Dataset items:
lemma eps_partial_eq_eps_comb: "eps_partial N f = eps_comb f (\<lambda>_. 1) N"
proof
  fix ys
  show "eps_partial N f ys = eps_comb f (\<lambda>_. 1) N ys"
  proof (cases "ys = replicate (length ys) f")
    case True
    then have "eps_n n f ys = (if n = length ys then 1 / of_real (sqrt (fact (length ys))) else 0)" for n
      by (auto simp: eps_n_def)
    then show ?thesis
      using True by (simp add: eps_partial_def eps_comb_def)
  next
    case False
    then have "eps_n n f ys = 0" for n
      by (auto simp: eps_n_def)
    then show ?thesis
      using False by (simp add: eps_partial_def eps_comb_def)
  qed
qed

lemma eps_comb_diff:
  "(\<lambda>ys. eps_comb f \<alpha> N ys - z * eps_comb f \<beta> N ys) = eps_comb f (\<lambda>m. \<alpha> m - z * \<beta> m) N"
  by (auto simp: eps_comb_def fun_eq_iff diff_divide_distrib)

lemma exp_annih_eps_n:
  "exp_annih g (eps_n n f) =
     eps_comb f (\<lambda>m. if m \<le> n then pair g f ^ (n - m) / fact (n - m) else 0) (Suc n)"
  unfolding eps_n_eq_eps_comb
proof (subst exp_annih_eps_comb, simp, rule eps_comb_cong)
  fix m assume "m < Suc n"
  moreover have "(\<Sum>k<Suc n - m. pair g f ^ k * (if m + k = n then 1 else 0) / fact k)
      = (\<Sum>k<Suc n - m. if k = n - m then pair g f ^ k / fact k else 0)"
    by (intro sum.cong) auto
  ultimately show "(\<Sum>k<Suc n. if m + k < Suc n then pair g f ^ k * (if m + k = n then 1 else 0) / fact k else 0)
      = (if m \<le> n then pair g f ^ (n - m) / fact (n - m) else 0)"
    by (simp add: sum_lessThan_if_add_less)
qed

lemma exp_annih_eps_partial_minus:
  "(\<lambda>ys. exp_annih g (eps_partial N f) ys - exp (pair g f) * eps_partial N f ys) =
     eps_comb f (\<lambda>m. (\<Sum>k<N - m. pair g f ^ k / fact k) - exp (pair g f)) N"
  unfolding eps_partial_eq_eps_comb exp_annih_eps_comb[of "\<lambda>_. 1", OF one_neq_zero] eps_comb_diff
  by (rule eps_comb_cong) (simp add: sum_lessThan_if_add_less)

lemma summable_fock_norm_eps_n:
  assumes "Im (ip (\<iota> f) (\<iota> f)) = 0" "0 \<le> Re (ip (\<iota> f) (\<iota> f))"
  shows "summable (\<lambda>n. fock_norm ip \<iota> (eps_n n f))"
proof -
  define R where "R = Re (ip (\<iota> f) (\<iota> f))"
  have "fock_norm ip \<iota> (eps_n n f) = sqrt (R ^ n / fact n)" for n
  proof -
    have "(\<Sum>m<Suc n. (cmod (if m = n then 1 else 0))\<^sup>2 * (R ^ m / fact m)) = R ^ n / fact n"
      by (simp add: if_distrib cong: if_cong)
    then show ?thesis
      unfolding eps_n_eq_eps_comb fock_norm_eps_comb[of ip \<iota> f, OF assms(1)] R_def by simp
  qed
  moreover have "0 \<le> R" using assms(2) by (simp add: R_def)
  ultimately show ?thesis
    using summable_sqrt_of_le_power_div_fact[of "\<lambda>n. R ^ n / fact n" R] by simp
qed

lemma summable_fock_norm_g_eps_n:
  assumes "Im (ip (\<iota> f) (\<iota> f)) = 0" "0 \<le> Re (ip (\<iota> f) (\<iota> f))"
  shows "summable (\<lambda>n. fock_norm_g ip \<iota> g (eps_n n f))"
proof -
  define R where "R = Re (ip (\<iota> f) (\<iota> f))"
  define c where "c = pair g f"
  define w where "w n m = (cmod (if m \<le> n then c ^ (n - m) / fact (n - m) else 0))\<^sup>2" for n m
  define a where "a n = (\<Sum>m<Suc n. w n m * (R ^ m / fact m))" for n
  have "fock_norm_g ip \<iota> g (eps_n n f) = sqrt (a n)" for n
    using assms(1) by (simp add: fock_norm_g_def exp_annih_eps_n fock_norm_eps_comb a_def w_def R_def c_def)
  moreover have "0 \<le> a n" for n
    using assms(2) unfolding a_def R_def by (intro sum_nonneg mult_nonneg_nonneg) (simp_all add: w_def)
  moreover have "a n \<le> ((cmod c)\<^sup>2 + R) ^ n / fact n" for n
  proof -
    have "w n m \<le> 1 * ((cmod c)\<^sup>2 ^ (n - m) / fact (n - m))" if "m \<le> n" for m
      using that square_power_div_fact_le[of "cmod c" "n - m"]
      by (simp add: w_def norm_divide norm_power)
    then have "a n \<le> 1 * (((cmod c)\<^sup>2 + R) ^ n / fact n)"
      unfolding a_def using assms(2)
      by (intro sum_le_power_div_fact_convolution) (auto simp: R_def w_def)
    then show ?thesis
      by simp
  qed
  ultimately show ?thesis
    using summable_sqrt_of_le_power_div_fact[of a "(cmod c)\<^sup>2 + R"] by simp
qed

lemma fock_norm_exp_annih_eps_partial_minus_tendsto:
  assumes "Im (ip (\<iota> f) (\<iota> f)) = 0" "0 \<le> Re (ip (\<iota> f) (\<iota> f))"
  shows "(\<lambda>N. fock_norm ip \<iota>
            (\<lambda>ys. exp_annih g (eps_partial N f) ys - exp (pair g f) * eps_partial N f ys)) \<longlonglongrightarrow> 0"
proof -
  define R where "R = Re (ip (\<iota> f) (\<iota> f))"
  define c where "c = pair g f"
  define E where "E = (exp (cmod c))\<^sup>2"
  define w where "w N m = (cmod ((\<Sum>k<N - m. c ^ k / fact k) - exp c))\<^sup>2" for N m
  define a where "a N = (\<Sum>m<N. w N m * (R ^ m / fact m))" for N
  have norm_eq: "fock_norm ip \<iota> (\<lambda>ys. exp_annih g (eps_partial N f) ys - exp (pair g f) * eps_partial N f ys)
      = sqrt (a N)" for N
    using assms(1) by (simp add: exp_annih_eps_partial_minus fock_norm_eps_comb a_def w_def R_def c_def)
  have "w N m \<le> E * ((cmod c)\<^sup>2 ^ (N - m) / fact (N - m))" for N m
  proof -
    have "cmod ((\<Sum>k<N - m. c ^ k / fact k) - exp c) \<le> cmod c ^ (N - m) / fact (N - m) * exp (cmod c)"
      using norm_exp_minus_partial_sum_le[of c "N - m"] by (simp add: norm_minus_commute)
    then have "w N m \<le> (cmod c ^ (N - m) / fact (N - m) * exp (cmod c))\<^sup>2"
      unfolding w_def by (intro power_mono) simp_all
    also have "\<dots> = (cmod c ^ (N - m) / fact (N - m))\<^sup>2 * E"
      by (simp only: E_def power_mult_distrib)
    also have "\<dots> \<le> (cmod c)\<^sup>2 ^ (N - m) / fact (N - m) * E"
      by (intro mult_right_mono square_power_div_fact_le) (simp add: E_def)
    finally show ?thesis by (simp add: mult.commute)
  qed
  moreover have "0 \<le> w N m" for N m
    by (simp add: w_def)
  ultimately have upper: "a N \<le> E * (((cmod c)\<^sup>2 + R) ^ N / fact N)" for N
    unfolding a_def using assms(2) by (intro sum_le_power_div_fact_convolution) (auto simp: R_def)
  have lower: "0 \<le> a N" for N
    using assms(2) unfolding a_def R_def by (intro sum_nonneg mult_nonneg_nonneg) (simp_all add: w_def)
  have bound_tendsto: "(\<lambda>N. E * (((cmod c)\<^sup>2 + R) ^ N / fact N)) \<longlonglongrightarrow> 0"
    using tendsto_mult_left[OF summable_LIMSEQ_zero[OF summable_power_div_fact], of E] by simp
  have "a \<longlonglongrightarrow> 0"
    by (rule tendsto_sandwich[OF _ _ tendsto_const bound_tendsto]) (use lower upper in auto)
  then show ?thesis
    unfolding norm_eq using tendsto_real_sqrt[of a 0] by simp
qed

## WHAT TO DO
Produce an exact copy of the lines from the one containing "by (simp add: w_def)" through the final line of the data, both ends included, and only those.

## EXPECTED ANSWER
    by (simp add: w_def)
  ultimately have upper: "a N \<le> E * (((cmod c)\<^sup>2 + R) ^ N / fact N)" for N
    unfolding a_def using assms(2) by (intro sum_le_power_div_fact_convolution) (auto simp: R_def)
  have lower: "0 \<le> a N" for N
    using assms(2) unfolding a_def R_def by (intro sum_nonneg mult_nonneg_nonneg) (simp_all add: w_def)
  have bound_tendsto: "(\<lambda>N. E * (((cmod c)\<^sup>2 + R) ^ N / fact N)) \<longlonglongrightarrow> 0"
    using tendsto_mult_left[OF summable_LIMSEQ_zero[OF summable_power_div_fact], of E] by simp
  have "a \<longlonglongrightarrow> 0"
    by (rule tendsto_sandwich[OF _ _ tendsto_const bound_tendsto]) (use lower upper in auto)
  then show ?thesis
    unfolding norm_eq using tendsto_real_sqrt[of a 0] by simp
qed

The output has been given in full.